On Wed, 6 Nov 1996, Gerald Levy wrote:
> Basically, David L holds that the capital-output ratio (which he calls
> the output ratio) *is* the occ (or, more precisely, it is the
> *reciprocal* of the occ).
OK.
> "I will note that the output ratio = Y/K, where Y is output and K the
> capital stock. This, in turn, is equal to L/[(L/Y)K]. L/Y may be
> thought of as the value of a unit of output, where value is measured
> in terms of labor time. (L/Y)K is therefore the value (in labor
> time) of the capital stock. The output ratio Y/K, then, is formally
> identical to (v+s)/C, where v+s is the flow of current labor time,
> in standard Marxian notation, and C is the stock of constant capital
> (also in terms of labor time).
Again, OK.
> He goes on to write the output ratio in a "slightly fuller form":
>
> "output output/labor
> ------ = -------------
> capital capital/labor
>
> In this form we can see that the output ratio is a ratio of ratios,
> with output per unit of labor, or *labor productivity*, in the
> numerator, and fixed capital per unit of labor in the denominator.

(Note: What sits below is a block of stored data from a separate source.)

lemma parallel_cases:
  assumes "cross2 x y = 0" "x \<noteq> 0" "y \<noteq> 0"
  obtains "opposite x y" | s where "0 < s" "y = s *\<^sub>R x"
proof -
  let ?s = "(y \<bullet> x) / (x \<bullet> x)"
  have y: "y = ?s *\<^sub>R x" using cross2_eq_0_imp_parallel[OF assms(1,2)] .
  with assms(3) have "?s \<noteq> 0" by auto
  then consider "0 < ?s" | "0 < - ?s" by linarith
  then show thesis
  proof cases
    case 2
    then have "opposite x y" unfolding opposite_def using y by (intro exI[of _ "- ?s"]) simp
    then show thesis using that(1) by blast
  qed (use that(2) y in blast)
qed

lemma codirectional_if_cross2_eq_0:
  assumes "cross2 x y = 0" "x \<noteq> 0" "0 < u \<bullet> x" "0 < u \<bullet> y"
  obtains s where "0 < s" "y = s *\<^sub>R x"
proof
  let ?s = "(y \<bullet> x) / (x \<bullet> x)"
  show y: "y = ?s *\<^sub>R x" by (rule cross2_eq_0_imp_parallel[OF assms(1,2)])
  have "0 < ?s * (u \<bullet> x)" using assms(4) y by (metis inner_scaleR_right)
  then show "0 < ?s" using assms(3) by (rule zero_less_mult_pos2)
qed

definition pointed_triple :: "real^2 \<Rightarrow> real^2 \<Rightarrow> real^2 \<Rightarrow> bool" where
  "pointed_triple x y z \<longleftrightarrow> (\<exists>u. 0 < u \<bullet> x \<and> 0 < u \<bullet> y \<and> 0 < u \<bullet> z)"

lemma pointed_triple_rotate: "pointed_triple x y z \<longleftrightarrow> pointed_triple y z x"
  unfolding pointed_triple_def by blast

lemma open_segment_0_subset_half_plane_iff:
  assumes "p \<noteq> 0"
  shows "open_segment 0 p \<subseteq> {y. 0 < u \<bullet> y} \<longleftrightarrow> 0 < u \<bullet> p"
proof
  assume "open_segment 0 p \<subseteq> {y. 0 < u \<bullet> y}"
  moreover have "midpoint 0 p \<in> open_segment 0 p" using assms by simp
  ultimately show "0 < u \<bullet> p" by (auto simp: midpoint_def)
qed (auto simp: in_segment)

lemma pointed_config_iff_pointed_triple:
  assumes "a1 \<noteq> 0" "a2 \<noteq> 0" "a3 \<noteq> 0"
  shows "pointed_config 0 [a1, a2, a3] \<longleftrightarrow> pointed_triple a1 a2 a3"
proof -
  have "pointed_config 0 [a1, a2, a3] \<longleftrightarrow>
      (\<exists>u. u \<noteq> 0 \<and> 0 < u \<bullet> a1 \<and> 0 < u \<bullet> a2 \<and> 0 < u \<bullet> a3)"
    using assms by (simp add: pointed_config_def open_segment_0_subset_half_plane_iff)
  also have "\<dots> \<longleftrightarrow> pointed_triple a1 a2 a3"
    unfolding pointed_triple_def by (metis inner_zero_left less_irrefl)
  finally show ?thesis .
qed

lemma pointed_pair:
  assumes "x \<noteq> 0" "y \<noteq> 0" "\<not> opposite x y"
  obtains u where "0 < u \<bullet> x" "0 < u \<bullet> y"
proof
  have "x \<bullet> (- y) \<noteq> norm x * norm (- y)"
  proof
    assume "x \<bullet> (- y) = norm x * norm (- y)"
    then have "norm x *\<^sub>R (- y) = norm (- y) *\<^sub>R x" by (simp only: norm_cauchy_schwarz_eq)
    then have eq: "norm x *\<^sub>R y = - (norm y *\<^sub>R x)" by (simp add: minus_equation_iff[of "norm x *\<^sub>R y"])
    have "y = (1 / norm x) *\<^sub>R (norm x *\<^sub>R y)" using assms(1) by simp
    also have "\<dots> = (- (norm y / norm x)) *\<^sub>R x" unfolding eq by simp
    finally have "y = (- (norm y / norm x)) *\<^sub>R x" .
    moreover have "0 < norm y / norm x" using assms(1,2) by simp
    ultimately show False using assms(3) unfolding opposite_def by blast
  qed
  then have cs: "0 < norm x * norm y + x \<bullet> y"
    using norm_cauchy_schwarz[of x "- y"] by simp
  let ?u = "(1 / norm x) *\<^sub>R x + (1 / norm y) *\<^sub>R y"
  have "?u \<bullet> x = (norm x * norm y + x \<bullet> y) / norm y" "?u \<bullet> y = (norm x * norm y + x \<bullet> y) / norm x"
    using assms(1,2) by (simp_all add: inner_add_left inner_commute[of y x] field_simps
        dot_square_norm power2_eq_square)
  then show "0 < ?u \<bullet> x" "0 < ?u \<bullet> y"
    using cs assms(1,2) by simp_all
qed

lemma pointed_triple_if_cross2:
  assumes "0 < s * cross2 a1 a2" "s * cross2 a2 a3 < 0" "s * cross2 a3 a1 < 0"
    and "a1 \<noteq> 0" "a2 \<noteq> 0"
  shows "pointed_triple a1 a2 a3"
proof -
  have "\<not> opposite a1 a2" using assms(1) cross2_opposite by fastforce
  then obtain u where u: "0 < u \<bullet> a1" "0 < u \<bullet> a2" using pointed_pair assms(4,5) by blast
  have "in_sector a3 a1 a2"
    using assms(1-3) by (intro in_sector_if_cross2[of s])
      (simp_all add: cross2_antisym[of a3 a2] cross2_antisym[of a1 a3])
  then obtain \<alpha> \<beta> where "0 < \<alpha>" "0 \<le> \<beta>" "a3 = \<alpha> *\<^sub>R a1 + \<beta> *\<^sub>R a2"
    unfolding in_sector_def by blast
  then have "0 < u \<bullet> a3" using u by (simp add: inner_add_right add_pos_nonneg)
  then show ?thesis using u unfolding pointed_triple_def by blast
qed

lemma not_pointed_triple_parallel:
  assumes "a1 \<noteq> 0" "a2 \<noteq> 0" "a3 \<noteq> 0" "\<not> pointed_triple a1 a2 a3" "cross2 a1 a2 = 0"
  shows "opposite a1 a2 \<or> opposite a1 a3"
  using assms(5)
proof (rule parallel_cases[OF _ assms(1,2)])
  fix t assume t: "0 < t" "a2 = t *\<^sub>R a1"
  show ?thesis
  proof (rule disjCI)
    assume "\<not> opposite a1 a3"
    then obtain u where "0 < u \<bullet> a1" "0 < u \<bullet> a3" using pointed_pair assms(1,3) by blast
    with t assms(4) show "opposite a1 a2" unfolding pointed_triple_def by auto
  qed
qed simp

lemma not_pointed_triple_cases:
  assumes nz: "a1 \<noteq> 0" "a2 \<noteq> 0" "a3 \<noteq> 0" and not_pointed: "\<not> pointed_triple a1 a2 a3"
  shows "(\<exists>s. 0 < s * cross2 a1 a2 \<and> 0 < s * cross2 a2 a3 \<and> 0 < s * cross2 a3 a1)
    \<or> opposite a1 a2 \<or> opposite a1 a3 \<or> opposite a2 a3"
proof (cases "cross2 a1 a2 = 0 \<or> cross2 a2 a3 = 0 \<or> cross2 a3 a1 = 0")
  case True
  have "\<not> pointed_triple a2 a3 a1" "\<not> pointed_triple a3 a1 a2"
    using not_pointed pointed_triple_rotate by blast+
  with True show ?thesis
    using not_pointed_triple_parallel[OF nz(1,2,3) not_pointed]
      not_pointed_triple_parallel[OF nz(2,3,1)] not_pointed_triple_parallel[OF nz(3,1,2)]
      opposite_sym[of a2 a1] opposite_sym[of a3 a1] opposite_sym[of a3 a2]
    by blast
next
  case False
  define s where "s = cross2 a1 a2"
  have s: "0 < s * cross2 a1 a2" using False by (auto simp: s_def zero_less_mult_iff neq_iff)
  have "0 < s * cross2 a2 a3 \<and> 0 < s * cross2 a3 a1"
  proof (rule ccontr)
    assume "\<not> ?thesis"
    moreover have "s * cross2 a2 a3 \<noteq> 0" "s * cross2 a3 a1 \<noteq> 0" using False s_def by simp_all
    ultimately consider "s * cross2 a2 a3 < 0" "s * cross2 a3 a1 < 0"
      | "s * cross2 a2 a3 < 0" "0 < s * cross2 a3 a1"
      | "0 < s * cross2 a2 a3" "s * cross2 a3 a1 < 0"
      by linarith
    then show False
    proof cases
      case 1
      then show False using pointed_triple_if_cross2[OF s _ _ nz(1,2)] not_pointed by blast
    next
      case 2
      then have "pointed_triple a2 a3 a1"
        using s nz by (intro pointed_triple_if_cross2[of "- s"]) simp_all
      then show False using not_pointed pointed_triple_rotate by blast
    next
      case 3
      then have "pointed_triple a3 a1 a2"
        using s nz by (intro pointed_triple_if_cross2[of "- s"]) simp_all
      then show False using not_pointed pointed_triple_rotate by blast
    qed
  qed
  then show ?thesis using s by blast
qed

section \<open>Norming functionals and the dual form of the Fermat-Torricelli condition\<close>

locale minkowski_plane =
  fixes N :: "real^2 \<Rightarrow> real"
  assumes minkowski_norm: "minkowski_norm N"
begin

lemma norm_eq_0_iff: "N x = 0 \<longleftrightarrow> x = 0"
  and norm_scaleR: "N (c *\<^sub>R x) = \<bar>c\<bar> * N x"
  and norm_triangle: "N (x + y) \<le> N x + N y"
  using minkowski_norm unfolding minkowski_norm_def by blast+

lemma norm_minus [simp]: "N (- x) = N x"
  using norm_scaleR[of "- 1" x] by simp

lemma norm_minus_commute: "N (x - y) = N (y - x)"
  using norm_minus[of "y - x"] by simp

lemma norm_zero [simp]: "N 0 = 0"
  using norm_eq_0_iff by blast

lemma norm_nonneg: "0 \<le> N x"
  using norm_triangle[of x "- x"] norm_eq_0_iff[of 0] by simp

lemma norm_pos: "x \<noteq> 0 \<Longrightarrow> 0 < N x"
  using norm_nonneg[of x] norm_eq_0_iff[of x] by linarith

lemma convex_on_norm_diff: "convex_on UNIV (\<lambda>x. N (x - p))"
proof (rule convex_onI)
  fix t :: real and x y :: "real^2"
  assume "0 < t" "t < 1"
  have "(1 - t) *\<^sub>R x + t *\<^sub>R y - p = (1 - t) *\<^sub>R (x - p) + t *\<^sub>R (y - p)"
    by (simp add: algebra_simps)
  then have "N ((1 - t) *\<^sub>R x + t *\<^sub>R y - p) \<le> N ((1 - t) *\<^sub>R (x - p)) + N (t *\<^sub>R (y - p))"
    using norm_triangle by simp
  then show "N ((1 - t) *\<^sub>R x + t *\<^sub>R y - p) \<le> (1 - t) * N (x - p) + t * N (y - p)"
    using \<open>0 < t\<close> \<open>t < 1\<close> by (simp add: norm_scaleR)
qed simp

definition norming :: "real^2 \<Rightarrow> real^2 \<Rightarrow> bool" where
  "norming w x \<longleftrightarrow> (\<forall>v. w \<bullet> v \<le> N v) \<and> w \<bullet> x = N x"

lemma norming_le: "norming w x \<Longrightarrow> w \<bullet> v \<le> N v"
  and norming_eq: "norming w x \<Longrightarrow> w \<bullet> x = N x"
  unfolding norming_def by blast+

lemma norming_abs_le: "norming w x \<Longrightarrow> \<bar>w \<bullet> v\<bar> \<le> N v"
  using norming_le[of w x v] norming_le[of w x "- v"] by (simp add: abs_le_iff)

lemma norming_iff_subgradient: "norming w x \<longleftrightarrow> (\<forall>y. N x + w \<bullet> (y - x) \<le> N y)"
proof
  assume "norming w x"
  then show "\<forall>y. N x + w \<bullet> (y - x) \<le> N y"
    by (simp add: norming_eq norming_le inner_diff_right)
next
  assume sub: "\<forall>y. N x + w \<bullet> (y - x) \<le> N y"
  have le: "w \<bullet> v \<le> N v" for v
    using sub[rule_format, of "x + v"] norm_triangle[of x v] by simp
  moreover have "N x \<le> w \<bullet> x"
    using sub[rule_format, of 0] by (simp add: norm_eq_0_iff)
  ultimately show "norming w x"
    unfolding norming_def using le[of x] by simp
qed

lemma norming_uminus:
  assumes "norming w x"
  shows "norming (- w) (- x)"
proof -
  have "(- w) \<bullet> v \<le> N v" for v using norming_le[OF assms, of "- v"] by simp
  then show ?thesis using norming_eq[OF assms] unfolding norming_def by simp
qed

lemma norming_scaleR_iff: "0 < t \<Longrightarrow> norming w (t *\<^sub>R x) \<longleftrightarrow> norming w x"
  unfolding norming_def by (simp add: norm_scaleR)

definition zero_sum_norming :: "real^2 \<Rightarrow> real^2 \<Rightarrow> real^2 \<Rightarrow> bool" where
  "zero_sum_norming x y z \<longleftrightarrow>
     (\<exists>u v w. norming u x \<and> norming v y \<and> norming w z \<and> u + v + w = 0)"

lemma zero_sum_norming_swap: "zero_sum_norming x y z \<Longrightarrow> zero_sum_norming y x z"
  unfolding zero_sum_norming_def by (metis add.commute)

lemma zero_sum_norming_rotate: "zero_sum_norming x y z \<Longrightarrow> zero_sum_norming y z x"
  unfolding zero_sum_norming_def by (metis add.commute add.left_commute)

lemma zero_sum_norming_scaleR:
  "zero_sum_norming x y (t *\<^sub>R z) \<Longrightarrow> 0 < t \<Longrightarrow> zero_sum_norming x y z"
  unfolding zero_sum_norming_def by (simp add: norming_scaleR_iff)

lemma norming_uminus_if_subgradient:
  assumes "\<And>y. N (0 - p) + v \<bullet> (y - 0) \<le> N (y - p)"
  shows "norming (- v) p"
proof -
  have "norming v (- p)"
    unfolding norming_iff_subgradient using assms[of "y + p" for y] by simp
  then show ?thesis using norming_uminus by fastforce
qed

lemma zero_sum_norming_if_FT_point:
  assumes "FT_point N 0 [p1, p2, p3]"
  shows "zero_sum_norming p1 p2 p3"
proof -
  have "N (0 - p1) + N (0 - p2) + N (0 - p3) \<le> N (x - p1) + N (x - p2) + N (x - p3)" for x
    using assms unfolding FT_point_def by (simp add: add.assoc)
  then obtain v1 v2 v3 where "v1 + v2 + v3 = 0"
    and "\<And>y. N (0 - p1) + v1 \<bullet> (y - 0) \<le> N (y - p1)"
    and "\<And>y. N (0 - p2) + v2 \<bullet> (y - 0) \<le> N (y - p2)"
    and "\<And>y. N (0 - p3) + v3 \<bullet> (y - 0) \<le> N (y - p3)"
    using convex_sum3_minimum_subgradients[OF convex_on_norm_diff convex_on_norm_diff convex_on_norm_diff]
    by blast
  then have "norming (- v1) p1" "norming (- v2) p2" "norming (- v3) p3"
    by (simp_all add: norming_uminus_if_subgradient)
  moreover have "- v1 + - v2 + - v3 = - (v1 + v2 + v3)" by (simp only: minus_add_distrib)
  then have "- v1 + - v2 + - v3 = 0" using \<open>v1 + v2 + v3 = 0\<close> by simp
  ultimately show ?thesis unfolding zero_sum_norming_def by blast
qed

> Clearly, the output ratio will rise if, and only if, productivity
> (which is clearly rising) rises *more slowly* than the physical
> capital/labor ratio (which is also clearly rising).
But this seems to me a bit problematic. What is meant by
the "physical capital/labor ratio"? For consistency with
the earlier citation, we should be focusing on the ratio of
the *labour-time embodied in the capital stock* to current
labour-time. And I'm not sure that the latter is "clearly
rising".
Allin Cottrell.